The Daily Gamecock

'You're Next' relies on blood, gore

Nick Tucci and Wendy Glenn star in "You're Next." (Corey Ransbert/Lionsgate/MCT)
Nick Tucci and Wendy Glenn star in "You're Next." (Corey Ransbert/Lionsgate/MCT)

Humorous horror film makes viewers queasy
Family can be a killer. A couple (Rob Moran and Barbara Crampton) celebrate their wedding anniversary at their mansion by reuniting their four grown children, each of whom brings along their significant other.

In the beginning, “You’re Next” is mainly focused on the college professor son, Crispian (AJ Bowen), his former student and current girlfriend, Erin (Sharni Vinson). There is some serious tension between the siblings, Crispian, Drake (Joe Swanberg), Felix (Nicholas Tucci) and Aimee (Amy Seimetz), and bringing them all under one roof reopens old wounds. That ends up being the least of their worries after a gang of men in cheap, plastic animal masks start suddenly attacking and killing them, creating some brand new gushing wounds.

The victims become trapped inside the house and the rest of the film plays out like a sadistic mix of “Home Alone” and “Tom and Jerry.”

This horror film has a heavy dose of ink black humor throughout that rubbed me the wrong way in the beginning. The graphic violence inflicted on suffering people was not making me yuk but instead making me want to cry, “Yuk!” The film also relies heavily on shaky-cam, hand-held camera-work that produces a jerky and disorienting image. When the attackers start their ambush, shooting arrows into the family at the dinner table, the film resorts to this frantic camera movement. It is lazy film making that draws the viewer out of the action. For awhile I felt physically and morally queasy.

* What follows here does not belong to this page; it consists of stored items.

lemma continuous_on_funpow:
  fixes f :: "'a::topological_space \<Rightarrow> 'a"
  assumes "continuous_on UNIV f"
  shows "continuous_on UNIV (f ^^ n)"
proof (induction n)
  case (Suc n)
  then show ?case
    using assms by (simp add: continuous_on_compose2)
qed (simp add: id_def)

lemma continuous_invariant_measure_if_perfect_periodic_set:
  fixes T :: "'a::complete_space \<Rightarrow> 'a"
  assumes T: "continuous_on UNIV T" and N: "0 < N"
    and perfect: "\<And>x. \<not> x isolated_in P" and "x0 \<in> P" and periodic: "P \<subseteq> {x. (T ^^ N) x = x}"
  shows "\<exists>M. borel_prob M \<and> invariant_measure T M \<and> continuous_measure M"
proof -
  obtain c r where "cantor_scheme P c r"
    using cantor_scheme_exists[OF perfect \<open>x0 \<in> P\<close>] .
  then obtain g :: "real \<Rightarrow> 'a"
    where g: "g \<in> borel_measurable borel" "\<And>t. g t \<in> closure P" "inj_on g {0..<1}"
    by (rule cantor_scheme_inj_map) blast
  have "closed {x. (T ^^ N) x = x}"
    by (intro closed_Collect_eq continuous_on_funpow[OF T] continuous_on_id)
  with periodic have "closure P \<subseteq> {x. (T ^^ N) x = x}"
    by (rule closure_minimal)
  with g(2) have "(T ^^ N) (g t) = g t" for t
    by blast
  then show ?thesis
    using continuous_invariant_measure_from_periodic_arc[OF borel_measurable_continuous_onI[OF T] N g(1,3)]
    by blast
qed

lemma Compl_finite_nonempty:
  fixes S :: "'a::t1_space set"
  assumes "no_isolated_point (UNIV :: 'a set)" "finite S"
  shows "- S \<noteq> {}"
proof
  assume "- S = {}"
  then have "S = UNIV"
    by blast
  then have "finite (UNIV :: 'a set)"
    using assms(2) by simp
  then have "open {x}" for x :: 'a
    using finite_imp_closed[of "- {x}"] by (simp add: open_closed)
  then have "x isolated_in UNIV" for x :: 'a
    by (auto intro: isolated_inI)
  with assms(1) show False
    by (simp add: no_isolated_point_def)
qed

theorem proposition2:
  fixes T :: "'a::polish_space \<Rightarrow> 'a" and F0 :: "'a set"
  assumes "no_isolated_point (UNIV :: 'a set)"
    and "continuous_on UNIV T"
    and "finite F0"
    and "\<forall>N::nat. no_isolated_point {x. x \<notin> F0 \<and> (T ^^ N) x = x}"
    and "\<exists>M. borel_prob M \<and> invariant_measure T M \<and> full_support M"
  shows "\<exists>M. borel_prob M \<and> invariant_measure T M \<and> continuous_measure M"
proof -
  have T: "T \<in> borel_measurable borel"
    using assms(2) by (rule borel_measurable_continuous_onI)
  show ?thesis
  proof (cases "\<exists>n x. (T ^^ Suc n) x = x \<and> x \<notin> F0")
    case True
    then obtain n x0 where "(T ^^ Suc n) x0 = x0" "x0 \<notin> F0"
      by blast
    let ?P = "{x. x \<notin> F0 \<and> (T ^^ Suc n) x = x}"
    have "\<And>x. \<not> x isolated_in ?P"
      using assms(4) unfolding no_isolated_point_def by blast
    moreover have "x0 \<in> ?P"
      using \<open>(T ^^ Suc n) x0 = x0\<close> \<open>x0 \<notin> F0\<close> by simp
    ultimately show ?thesis
      by (rule continuous_invariant_measure_if_perfect_periodic_set[OF assms(2) zero_less_Suc]) auto
  next
    case False
    obtain M where M: "borel_prob M" "invariant_measure T M" "full_support M"
      using assms(5) by blast
    have "atoms M \<subseteq> F0"
      using periodic_if_atom[OF M(1,2) T] False by blast
    then have "finite (atoms M)"
      using assms(3) by (rule finite_subset)
    moreover have "emeasure M (- atoms M) \<noteq> 0"
      using M(3) Compl_finite_nonempty[OF assms(1) \<open>finite (atoms M)\<close>]
        finite_imp_closed[OF \<open>finite (atoms M)\<close>]
      by (auto simp: full_support_def open_Compl)
    ultimately show ?thesis
      by (rule continuous_invariant_measure_if_finite_atoms[OF M(1,2) T])
  qed
qed

end
text \<open>If an inner vertex v of a shortest walk were no cut vertex, its two neighbours a, b on the
  walk would be joined by a path avoiding v; together with v it spans a biconnected set, hence
  a clique, so the walk would have the chord a b.\<close>
lemma shortest_walk_inner_cut_vertex:
  assumes "symp E" "irreflp E" "biconnected_cliques E S" "shortest_walk E S xs"
    and i: "0 < i" "Suc i < length xs"
  shows "cut_vertex E S (xs!i)"
proof (rule ccontr)
  assume not_cut: "\<not> cut_vertex E S (xs!i)"
  define a where "a = xs!(i - 1)"
  define v where "v = xs!i"
  define b where "b = xs!Suc i"
  have walk: "walk E S xs"
    using assms(4) unfolding shortest_walk_def by simp
  have "set xs \<subseteq> S"
    using walk_set[OF walk] .
  then have in_S: "a \<in> S" "v \<in> S" "b \<in> S"
    using i unfolding a_def v_def b_def by auto
  have neq: "a \<noteq> v" "b \<noteq> v" "a \<noteq> b"
    using shortest_walk_distinct[OF assms(4)] i unfolding a_def v_def b_def
    by (auto simp: nth_eq_iff_index_eq)
  have av: "E a v" and vb: "E v b"
    using walk_nth[OF walk, of "i - 1"] walk_nth[OF walk, of i] i unfolding a_def v_def b_def by auto
  have "connected_on E (S - {v})"
    using not_cut in_S neq unfolding cut_vertex_def v_def by auto
  then have "(induced E (S - {v}))\<^sup>*\<^sup>* a b"
    using in_S neq unfolding connected_on_iff by blast
  then obtain Q where Q: "shortest_walk E (S - {v}) Q" "hd Q = a" "last Q = b"
    using shortest_walk_exists in_S neq by (metis Diff_iff singletonD)
  then have walk_Q: "walk E (S - {v}) Q"
    unfolding shortest_walk_def by simp
  then have Q_in: "set Q \<subseteq> S - {v}" "a \<in> set Q" "b \<in> set Q"
    using walk_set[OF walk_Q] walk_not_Nil[OF walk_Q] Q(2,3) by auto
  have "E v (hd Q)"
    using av Q(2) assms(1) by (auto dest: sympD)
  then have "biconnected E (insert v (set Q))"
    using biconnected_cycle[OF assms(1) walk_Q shortest_walk_distinct[OF Q(1)]] Q_in(1) Q(3) vb
    by blast
  moreover have "insert v (set Q) \<subseteq> S"
    using Q_in in_S by blast
  ultimately have "E a b"
    using assms(3) neq Q_in unfolding biconnected_cliques_def is_clique_def by blast
  moreover have "\<not> E a b"
    using shortest_walk_chordless[OF assms(4), of "i - 1" "Suc i"] i unfolding a_def v_def b_def by simp
  ultimately show False
    by contradiction
qed

lemma connected_on_dominated:
  assumes "symp E" "connected_on E T" "T \<subseteq> A" "\<forall>x\<in>A - T. \<exists>y\<in>T. E x y"
  shows "connected_on E A"
proof -
  obtain t where t: "t \<in> T"
    using assms(2) unfolding connected_on_iff by blast
  have reach_T: "(induced E A)\<^sup>*\<^sup>* t y" if "y \<in> T" for y
    using assms(2,3) t that unfolding connected_on_iff by (blast intro: induced_rtranclp_mono)
  moreover have "(induced E A)\<^sup>*\<^sup>* t x" if "x \<in> A - T" for x
  proof -
    obtain y where "y \<in> T" "E x y"
      using assms(4) \<open>x \<in> A - T\<close> by blast
    then have "(induced E A)\<^sup>*\<^sup>* x t"
      using reach_T[of y] induced_rtranclp_sym[OF assms(1)] assms(3) that
      by (blast intro: induced_rtranclp_step)
    then show ?thesis
      by (rule induced_rtranclp_sym[OF assms(1)])
  qed
  ultimately show ?thesis
    using assms(3) t by (blast intro: connected_onI_root[OF assms(1)])
qed

lemma cut_vertex_in_connected_dominating_set:
  assumes "symp E" "connected_dominating_set S E T" "cut_vertex E S v"
  shows "v \<in> T"
proof (rule ccontr)
  assume "v \<notin> T"
  then have "connected_on E (S - {v})"
    using assms(2) connected_on_dominated[OF assms(1), of T "S - {v}"]
    unfolding connected_dominating_set_def by blast
  then show False
    using assms(3) unfolding cut_vertex_def by blast
qed

lemma shortest_walk_within_cut_vertices:
  assumes "symp E" "irreflp E" "biconnected_cliques E S" "shortest_walk E S xs"
  shows "set xs \<subseteq> {hd xs, last xs} \<union> {v. cut_vertex E S v}"
proof
  fix z
  assume "z \<in> set xs"
  then consider "z = hd xs" | "z = last xs" | i where "0 < i" "Suc i < length xs" "z = xs!i"
    using in_set_hd_last_or_inner by metis
  then show "z \<in> {hd xs, last xs} \<union> {v. cut_vertex E S v}"
    by cases (auto simp: shortest_walk_inner_cut_vertex[OF assms])
qed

Then the carnage keeps escalating to the point where it becomes morbidly funny. The game of cat and mouse is so outrageous that it can’t be taken seriously. Part of the fun is witnessing all the inventive kills that the writer, Simon Barrett, and director, Adam Wingard, come up with. I wouldn’t dare give them away, but I will say my favorite involves a common kitchen utensil.

The film is a brief 94 minutes long, but it still could have been shortened by a few minutes. An hour into the film most of the characters are sliced and diced beyond repair, and the few remaining ones are battling each other. A staple of the genre is kept alive by having a female character become the one who fights to the end. Her determination and ingenuity, benefited by the use of old-school synthesizer music in the score, pushes the film through a slightly overextended final act.

What sets this film apart from other run-of-the-mill slasher films is that it has an energy and a wit about it. Stabbings, shootings and throat slittings get tiresome after awhile if there is nothing more to them than the acts themselves. It is the anticipation, the mood and the execution (no pun intended) of the kills that make a memorable horror film. Any butcher can cut a slab of meat. A talented one knows how to make it tasty.